(* Let $f$ be a spectral density on $\Lambda$. If the prediction error tends to zero exponentially, i.e. there exists $q\in(0,1)$ with $\sigma_n(f)=O(q^n)$ as $n\to\infty$ (equivalently $\limsup_{n\to\infty}\sqrt[n]{\sigma_n(f)}<1$), then $f$ vanishes on a subset of $\Lambda$ of positive Lebesgue measure.
   Context: $\Lambda=[-\pi,\pi]$. A spectral density is $f\ge0$, $f\in L^1(\Lambda)$, positive on a set of positive measure. $\sigma_n^2(f)=\min_{c_1,\dots,c_n\in\mathbb C}\int_\Lambda|1-\sum_{k=1}^n c_ke^{-ik\lambda}|^2f(\lambda)\,d\lambda$, $\sigma_n(f)=\sqrt{\sigma_n^2(f)}$. *)

theory Defs
  imports "HOL-Analysis.Analysis" "HOL-Library.Landau_Symbols"
begin

definition Lam :: "real set" where
  "Lam = {-pi..pi}"

definition spectral_density :: "(real \<Rightarrow> real) \<Rightarrow> bool" where
  "spectral_density f \<longleftrightarrow>
     (\<forall>x\<in>Lam. 0 \<le> f x) \<and>
     set_integrable lebesgue Lam f \<and>
     {x\<in>Lam. 0 < f x} \<in> sets lebesgue \<and>
     emeasure lebesgue {x\<in>Lam. 0 < f x} > 0"

definition sigma2 :: "(real \<Rightarrow> real) \<Rightarrow> nat \<Rightarrow> real" where
  "sigma2 f n = (INF c \<in> (UNIV :: (nat \<Rightarrow> complex) set).
     (LINT l:Lam|lebesgue.
        (cmod (1 - (\<Sum>k=1..n. c k * cis (- real k * l))))\<^sup>2 * f l))"

definition sigma :: "(real \<Rightarrow> real) \<Rightarrow> nat \<Rightarrow> real" where
  "sigma f n = sqrt (sigma2 f n)"

end

theory Submission
  imports Defs "HOL-Complex_Analysis.Complex_Analysis"
    "HOL-Computational_Algebra.Fundamental_Theorem_Algebra"
begin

- _Exercise_: With no line omitted, copy all the data exactly.

- _Written response_:
(* Let $f$ be a spectral density on $\Lambda$. If the prediction error tends to zero exponentially, i.e. there exists $q\in(0,1)$ with $\sigma_n(f)=O(q^n)$ as $n\to\infty$ (equivalently $\limsup_{n\to\infty}\sqrt[n]{\sigma_n(f)}<1$), then $f$ vanishes on a subset of $\Lambda$ of positive Lebesgue measure.
   Context: $\Lambda=[-\pi,\pi]$. A spectral density is $f\ge0$, $f\in L^1(\Lambda)$, positive on a set of positive measure. $\sigma_n^2(f)=\min_{c_1,\dots,c_n\in\mathbb C}\int_\Lambda|1-\sum_{k=1}^n c_ke^{-ik\lambda}|^2f(\lambda)\,d\lambda$, $\sigma_n(f)=\sqrt{\sigma_n^2(f)}$. *)

theory Defs
  imports "HOL-Analysis.Analysis" "HOL-Library.Landau_Symbols"
begin

definition Lam :: "real set" where
  "Lam = {-pi..pi}"

definition spectral_density :: "(real \<Rightarrow> real) \<Rightarrow> bool" where
  "spectral_density f \<longleftrightarrow>
     (\<forall>x\<in>Lam. 0 \<le> f x) \<and>
     set_integrable lebesgue Lam f \<and>
     {x\<in>Lam. 0 < f x} \<in> sets lebesgue \<and>
     emeasure lebesgue {x\<in>Lam. 0 < f x} > 0"

definition sigma2 :: "(real \<Rightarrow> real) \<Rightarrow> nat \<Rightarrow> real" where
  "sigma2 f n = (INF c \<in> (UNIV :: (nat \<Rightarrow> complex) set).
     (LINT l:Lam|lebesgue.
        (cmod (1 - (\<Sum>k=1..n. c k * cis (- real k * l))))\<^sup>2 * f l))"

definition sigma :: "(real \<Rightarrow> real) \<Rightarrow> nat \<Rightarrow> real" where
  "sigma f n = sqrt (sigma2 f n)"

end

theory Submission
  imports Defs "HOL-Complex_Analysis.Complex_Analysis"
    "HOL-Computational_Algebra.Fundamental_Theorem_Algebra"
begin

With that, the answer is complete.